Restate word for word the lines of the entries below, starting with the line that holds "proof (rule strict_mono_onI)" and ending with the line that holds "define D where", and no others.

● ● ●

lemma Qpoly_derivatives_at_root:
  assumes l: "l \<in> {1..n}" and x0: "x0 \<in> I"
  defines "E \<equiv> complex_of_real ((1 + exp (-2 * x0)) ^ n)"
    and "E' \<equiv> complex_of_real (real n * (1 + exp (-2 * x0)) ^ (n - 1) * (-2 * exp (-2 * x0)))"
    and "R \<equiv> \<Prod>k\<in>{1..n} - {l}. z l x0 - z k x0"
  shows "Qpoly_dx n x0 (z l x0) = - E * z' l x0 * R"
    and "Qpoly_dxx n x0 (z l x0) = - 2 * E' * z' l x0 * R
          - E * R * (z'' l x0 - (\<Sum>j\<in>{1..n} - {l}. 2 * z' l x0 * z' j x0 / (z l x0 - z j x0)))"
proof -
  define w where "w = z l x0"
  define p where "p x = (\<Prod>j\<in>{1..n}. w - z j x)" for x
  define Ef where "Ef x = complex_of_real ((1 + exp (-2 * x)) ^ n)" for x
  define E'f where "E'f x = complex_of_real (real n * (1 + exp (-2 * x)) ^ (n - 1) * (-2 * exp (-2 * x)))" for x
  obtain p' where p': "\<And>x. x \<in> I \<Longrightarrow> (p has_vector_derivative p' x) (at x)"
    and p'_x0: "p' x0 = - z' l x0 * R"
    and p'': "(p' has_vector_derivative
        - R * (z'' l x0 - (\<Sum>j\<in>{1..n} - {l}. 2 * z' l x0 * z' j x0 / (w - z j x0)))) (at x0)"
    using prod_roots_derivatives_at_root[of "{1..n}" l I x0 z z' z''] l x0 open_I d1 d2 distinct
    unfolding p_def w_def R_def by blast
  have Ef: "(Ef has_vector_derivative E'f x) (at x)" for x
    unfolding Ef_def E'f_def by (rule has_vector_derivative_of_real) (auto intro!: derivative_eq_intros)
  have "\<exists>D. ((\<lambda>x. real n * (1 + exp (-2 * x)) ^ (n - 1) * (-2 * exp (-2 * x))) has_real_derivative D) (at x0)"
    by (rule exI) (rule derivative_eq_intros refl)+
  then have E'f: "E'f differentiable at x0"
    unfolding E'f_def using has_vector_derivative_of_real differentiableI_vector by blast
  have p_x0: "p x0 = 0"
    using l by (auto simp: p_def w_def)
  have Qpoly_dx_eq: "Qpoly_dx n x w = p x * E'f x + p' x * Ef x" if "x \<in> I" for x
  proof -
    have "((\<lambda>x. Qpoly n x w) has_vector_derivative p x * E'f x + p' x * Ef x) (at x)"
      using has_vector_derivative_mult[OF p'[OF that] Ef]
      by (rule has_vector_derivative_transform_within_open[OF _ open_I that])
         (simp add: roots Ef_def p_def mult.commute)
    then show ?thesis
      using has_vector_derivative_Qpoly vector_derivative_unique_at by blast
  qed
  then show "Qpoly_dx n x0 (z l x0) = - E * z' l x0 * R"
    using x0 by (simp add: p_x0 p'_x0 w_def E_def Ef_def)
  have "((\<lambda>x. p x * E'f x + p' x * Ef x) has_vector_derivative
      - R * (z'' l x0 - (\<Sum>j\<in>{1..n} - {l}. 2 * z' l x0 * z' j x0 / (w - z j x0))) * Ef x0
        + 2 * p' x0 * E'f x0) (at x0)"
    using open_I x0 p_x0 p' p'' Ef E'f by (rule has_vector_derivative_mult_derivative_at_zero)
  then have "((\<lambda>x. Qpoly_dx n x w) has_vector_derivative
      - R * (z'' l x0 - (\<Sum>j\<in>{1..n} - {l}. 2 * z' l x0 * z' j x0 / (w - z j x0))) * Ef x0
        + 2 * p' x0 * E'f x0) (at x0)"
    by (rule has_vector_derivative_transform_within_open[OF _ open_I x0]) (simp add: Qpoly_dx_eq)
  then have "Qpoly_dxx n x0 w = - R * (z'' l x0 - (\<Sum>j\<in>{1..n} - {l}. 2 * z' l x0 * z' j x0 / (w - z j x0))) * Ef x0
        + 2 * p' x0 * E'f x0"
    using has_vector_derivative_Qpoly_dx vector_derivative_unique_at by blast
  then show "Qpoly_dxx n x0 (z l x0) = - 2 * E' * z' l x0 * R
          - E * R * (z'' l x0 - (\<Sum>j\<in>{1..n} - {l}. 2 * z' l x0 * z' j x0 / (z l x0 - z j x0)))"
    unfolding p'_x0 E_def E'_def Ef_def E'f_def w_def by (simp add: algebra_simps)
qed

lemma root_ode:
  assumes l: "l \<in> {1..n}" and x: "x \<in> I"
  shows "z'' l x + 2 * z l x * z' l x = (\<Sum>j\<in>{1..n} - {l}. 2 * z' l x * z' j x / (z l x - z j x))"
proof -
  define w where "w = z l x"
  define u where "u = complex_of_real (exp (-2 * x))"
  define E where "E = complex_of_real ((1 + exp (-2 * x)) ^ n)"
  define E' where "E' = complex_of_real (real n * (1 + exp (-2 * x)) ^ (n - 1) * (-2 * exp (-2 * x)))"
  define R where "R = (\<Prod>k\<in>{1..n} - {l}. w - z k x)"
  define S where "S = (\<Sum>j\<in>{1..n} - {l}. 2 * z' l x * z' j x / (w - z j x))"
  have "(\<Prod>j=1..n. w - z j x) = 0"
    using l by (subst prod_zero_iff) (auto simp: w_def intro!: bexI[of _ l])
  then have "Qpoly n x w = 0"
    by (simp add: roots[OF x])
  then have ode: "(1 + u) * Qpoly_dxx n x w + 2 * (2 * of_nat n * u + w * (1 + u)) * Qpoly_dx n x w = 0"
    using Qpoly_x_ode[of x n w] by (simp add: u_def)
  have E': "(1 + u) * E' = - 2 * of_nat n * u * E"
  proof -
    obtain m where "n = Suc m"
      using n_pos by (cases n) auto
    then show ?thesis
      by (simp add: u_def E_def E'_def algebra_simps)
  qed
  have "(1 + u) * E * R * (z'' l x + 2 * w * z' l x - S) = 0"
    using ode Qpoly_derivatives_at_root[OF l x] E'
    unfolding E_def[symmetric] E'_def[symmetric] w_def[symmetric] R_def[symmetric] S_def[symmetric]
    by algebra
  moreover have "1 + u \<noteq> 0" "E \<noteq> 0"
  proof -
    have pos: "1 + exp (-2 * x) > 0"
      by (simp add: add_pos_pos)
    moreover have "1 + u = complex_of_real (1 + exp (-2 * x))"
      by (simp add: u_def)
    ultimately show "1 + u \<noteq> 0"
      by (metis of_real_eq_0_iff less_irrefl)
    then show "E \<noteq> 0"
      by (simp add: E_def u_def)
  qed
  moreover have "R \<noteq> 0"
    using distinct l x by (auto simp: R_def w_def)
  ultimately show ?thesis
    by (simp add: w_def S_def)
qed

lemma roots_at_0:
  assumes I0: "0 \<in> I"
    and decreasing: "\<And>j k. j \<in> {1..n} \<Longrightarrow> k \<in> {1..n} \<Longrightarrow> j < k \<Longrightarrow> Re (z k 0) < Re (z j 0)"
    and l: "l \<in> {1..n}"
  shows "z l 0 = of_int (int n + 1 - 2 * int l)"
proof -
  define c :: "nat \<Rightarrow> complex" where "c l = of_int (int n + 1 - 2 * int l)" for l
  have "\<exists>j. j \<in> {1..n} \<and> z j 0 = c l" if "l \<in> {1..n}" for l
  proof -
    have "(\<Prod>j=1..n. c l - z j 0) = 0"
      using roots[OF I0, of "c l"] Qpoly_0_vanishes[OF that] by (simp add: c_def)
    then obtain j where "j \<in> {1..n}" "c l - z j 0 = 0"
      by (auto simp: prod_zero_iff)
    then show ?thesis
      by auto
  qed
  then have "\<forall>l\<in>{1..n}. \<exists>j. j \<in> {1..n} \<and> z j 0 = c l"
    by blast
  from bchoice[OF this] obtain \<sigma> where "\<forall>l\<in>{1..n}. \<sigma> l \<in> {1..n} \<and> z (\<sigma> l) 0 = c l" ..
  then have \<sigma>: "\<sigma> l \<in> {1..n}" "z (\<sigma> l) 0 = c l" if "l \<in> {1..n}" for l
    using that by auto
  have "strict_mono_on {1..n} \<sigma>"
  proof (rule strict_mono_onI)
    fix l l' assume l: "l \<in> {1..n}" and l': "l' \<in> {1..n}" and "l < l'"
    then have "Re (c l') < Re (c l)"
      by (simp add: c_def)
    moreover have "Re (c l) \<le> Re (c l')" if "\<sigma> l' \<le> \<sigma> l"
      using that decreasing[of "\<sigma> l'" "\<sigma> l"] \<sigma>[OF l] \<sigma>[OF l']
      by (cases "\<sigma> l' = \<sigma> l") auto
    ultimately show "\<sigma> l < \<sigma> l'"
      by (meson not_le order.asym)
  qed
  then have "\<sigma> l = l"
    using \<sigma> l by (intro strict_mono_on_self_map_fixes[of n]) auto
  then show ?thesis
    using \<sigma>[OF l] by (simp add: c_def)
qed

lemma root_slope_at_0:
  assumes I0: "0 \<in> I"
    and decreasing: "\<And>j k. j \<in> {1..n} \<Longrightarrow> k \<in> {1..n} \<Longrightarrow> j < k \<Longrightarrow> Re (z k 0) < Re (z j 0)"
    and l: "l \<in> {1..n}"
  shows "z' l 0 = of_int ((2 * int l - 1) * (\<Prod>k\<in>{1..n}. 2 * (int k - int l) + 1))
                / of_int (\<Prod>k\<in>{1..n} - {l}. 2 * (int k - int l))"
proof -
  have z0: "z k 0 = of_int (int n + 1 - 2 * int k)" if "k \<in> {1..n}" for k
    using roots_at_0[OF I0 decreasing that] .
  define w where "w = z l 0"
  define D where "D = (\<Prod>k\<in>{1..n} - {l}. 2 * (int k - int l))"
  define P where "P = (\<Prod>k\<in>{1..n}. 2 * (int k - int l) + 1)"
  have w_minus_n: "w - of_nat n = - of_int (2 * int l - 1)"
    using z0[OF l] by (simp add: w_def)
  have "(\<Prod>j=1..n. w - z j 0) = 0"
    using l by (subst prod_zero_iff) (auto simp: w_def intro!: bexI[of _ l])
  then have Q_w: "Qpoly n 0 w = 0"
    by (simp add: roots[OF I0])
  have "(\<Prod>j=1..n. w + 1 - z j 0) = of_int P"
    unfolding P_def of_int_prod using l z0 by (intro prod.cong) (auto simp: w_def)
  then have Q_w1: "Qpoly n 0 (w + 1) = 2 ^ n * of_int P"
    by (simp add: roots[OF I0])
  have "(\<Prod>k\<in>{1..n} - {l}. w - z k 0) = of_int D"
    unfolding D_def of_int_prod using l z0 by (intro prod.cong) (auto simp: w_def)
  then have "- (2 ^ n * (z' l 0 * of_int D)) = Qpoly_dx n 0 w"
    using Qpoly_derivatives_at_root(1)[OF l I0] by (simp add: w_def)
  also have "\<dots> = - (2 ^ n * of_int ((2 * int l - 1) * P))"
    unfolding Qpoly_dx_0 Q_w Q_w1 w_minus_n by (simp add: algebra_simps)
  finally have "z' l 0 * of_int D = of_int ((2 * int l - 1) * P)"
    by simp
  moreover have "D \<noteq> 0"
    by (simp add: D_def)
  ultimately have "z' l 0 = of_int ((2 * int l - 1) * P) / of_int D"
    by (simp add: field_simps)
  then show ?thesis
    by (simp only: D_def P_def)
qed

end

theorem mainTheorem3:
  fixes n :: nat and I :: "real set"
    and z z' z'' :: "nat \<Rightarrow> real \<Rightarrow> complex"
  assumes n: "n \<ge> 1"
    and I: "open I" "connected I" "0 \<in> I"
    and roots: "\<And>x w. x \<in> I \<Longrightarrow>
        Qpoly n x w = complex_of_real ((1 + exp (-2*x)) ^ n) * (\<Prod>j=1..n. w - z j x)"
    and d1: "\<And>l x. l \<in> {1..n} \<Longrightarrow> x \<in> I \<Longrightarrow> (z l has_vector_derivative z' l x) (at x)"
    and d2: "\<And>l x. l \<in> {1..n} \<Longrightarrow> x \<in> I \<Longrightarrow> (z' l has_vector_derivative z'' l x) (at x)"
    and distinct: "\<And>j k x. j \<in> {1..n} \<Longrightarrow> k \<in> {1..n} \<Longrightarrow> j \<noteq> k \<Longrightarrow> x \<in> I \<Longrightarrow> z j x \<noteq> z k x"
    and ordered: "\<exists>e>0. \<forall>x. \<bar>x\<bar> < e \<longrightarrow>
        (\<forall>j\<in>{1..n}. z j x \<in> \<real>) \<and>
        (\<forall>j\<in>{1..n}. \<forall>k\<in>{1..n}. j < k \<longrightarrow> Re (z k x) < Re (z j x))"
  shows "(\<forall>l\<in>{1..n}. \<forall>x\<in>I.
            z'' l x + 2 * z l x * z' l x
              = (\<Sum>j\<in>{1..n} - {l}. 2 * z' l x * z' j x / (z l x - z j x)))
       \<and> (\<forall>l\<in>{1..n}. z l 0 = of_int (int n + 1 - 2 * int l))
       \<and> (\<forall>l\<in>{1..n}. z' l 0 = of_int (slope_num n l) / of_int (slope_den n l))"
proof -
  interpret Qpoly_root_curves n I z z' z''
    using n I(1) roots d1 d2 distinct by unfold_locales
  have decreasing: "\<And>j k. j \<in> {1..n} \<Longrightarrow> k \<in> {1..n} \<Longrightarrow> j < k \<Longrightarrow> Re (z k 0) < Re (z j 0)"
    using ordered by force
  show ?thesis
    using root_ode roots_at_0[OF I(3) decreasing] root_slope_at_0[OF I(3) decreasing]
      slope_quotient[where 'a=complex]
    by simp
qed

end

● ● ●

### RESPONSE AREA:
  proof (rule strict_mono_onI)
    fix l l' assume l: "l \<in> {1..n}" and l': "l' \<in> {1..n}" and "l < l'"
    then have "Re (c l') < Re (c l)"
      by (simp add: c_def)
    moreover have "Re (c l) \<le> Re (c l')" if "\<sigma> l' \<le> \<sigma> l"
      using that decreasing[of "\<sigma> l'" "\<sigma> l"] \<sigma>[OF l] \<sigma>[OF l']
      by (cases "\<sigma> l' = \<sigma> l") auto
    ultimately show "\<sigma> l < \<sigma> l'"
      by (meson not_le order.asym)
  qed
  then have "\<sigma> l = l"
    using \<sigma> l by (intro strict_mono_on_self_map_fixes[of n]) auto
  then show ?thesis
    using \<sigma>[OF l] by (simp add: c_def)
qed

lemma root_slope_at_0:
  assumes I0: "0 \<in> I"
    and decreasing: "\<And>j k. j \<in> {1..n} \<Longrightarrow> k \<in> {1..n} \<Longrightarrow> j < k \<Longrightarrow> Re (z k 0) < Re (z j 0)"
    and l: "l \<in> {1..n}"
  shows "z' l 0 = of_int ((2 * int l - 1) * (\<Prod>k\<in>{1..n}. 2 * (int k - int l) + 1))
                / of_int (\<Prod>k\<in>{1..n} - {l}. 2 * (int k - int l))"
proof -
  have z0: "z k 0 = of_int (int n + 1 - 2 * int k)" if "k \<in> {1..n}" for k
    using roots_at_0[OF I0 decreasing that] .
  define w where "w = z l 0"
  define D where "D = (\<Prod>k\<in>{1..n} - {l}. 2 * (int k - int l))"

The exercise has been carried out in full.